(Beginning of Records for this exercise)
definition translation_group :: "('a::ab_group_add \<Rightarrow> 'a) monoid" where
  "translation_group = \<lparr>carrier = range (\<lambda>v x. x + v), mult = (\<lambda>\<sigma> \<tau>. \<tau> \<circ> \<sigma>), one = id\<rparr>"

lemma group_additive_group: "group (additive_group :: 'a::ab_group_add monoid)"
  by (rule groupI) (auto simp: additive_group_def add.assoc intro: exI[of _ "- x" for x])

lemma translation_comp: "(\<lambda>x. x + w) \<circ> (\<lambda>x. x + v) = (\<lambda>x::'a::ab_group_add. x + (v + w))"
  by (simp add: comp_def add.assoc)

lemma group_translation_group: "group (translation_group :: ('a::ab_group_add \<Rightarrow> 'a) monoid)"
proof (rule groupI)
  show "\<one>\<^bsub>translation_group\<^esub> \<in> carrier (translation_group :: ('a \<Rightarrow> 'a) monoid)"
    using rangeI[of "\<lambda>(v::'a) x. x + v" 0] by (simp add: translation_group_def id_def)
next
  fix \<sigma>
  assume "\<sigma> \<in> carrier (translation_group :: ('a \<Rightarrow> 'a) monoid)"
  then obtain v where \<sigma>: "\<sigma> = (\<lambda>x. x + v)"
    by (auto simp: translation_group_def)
  define w where "w = - v"
  have "(\<lambda>x. x + w) \<in> carrier (translation_group :: ('a \<Rightarrow> 'a) monoid)"
    by (simp add: translation_group_def)
  moreover have "(\<lambda>x. x + w) \<otimes>\<^bsub>translation_group\<^esub> \<sigma> = \<one>\<^bsub>translation_group\<^esub>"
    by (simp add: translation_group_def \<sigma> w_def comp_def id_def)
  ultimately show
    "\<exists>\<tau>\<in>carrier translation_group. \<tau> \<otimes>\<^bsub>translation_group\<^esub> \<sigma> = \<one>\<^bsub>translation_group\<^esub>"
    by blast
qed (auto simp: translation_group_def translation_comp comp_assoc)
(End of Records for this exercise)
* [Action item]: Search the entries for the word "carrier" and show every line that has it.

* [Finished exercise]:
  "translation_group = \<lparr>carrier = range (\<lambda>v x. x + v), mult = (\<lambda>\<sigma> \<tau>. \<tau> \<circ> \<sigma>), one = id\<rparr>"
  show "\<one>\<^bsub>translation_group\<^esub> \<in> carrier (translation_group :: ('a \<Rightarrow> 'a) monoid)"
  assume "\<sigma> \<in> carrier (translation_group :: ('a \<Rightarrow> 'a) monoid)"
  have "(\<lambda>x. x + w) \<in> carrier (translation_group :: ('a \<Rightarrow> 'a) monoid)"
    "\<exists>\<tau>\<in>carrier translation_group. \<tau> \<otimes>\<^bsub>translation_group\<^esub> \<sigma> = \<one>\<^bsub>translation_group\<^esub>"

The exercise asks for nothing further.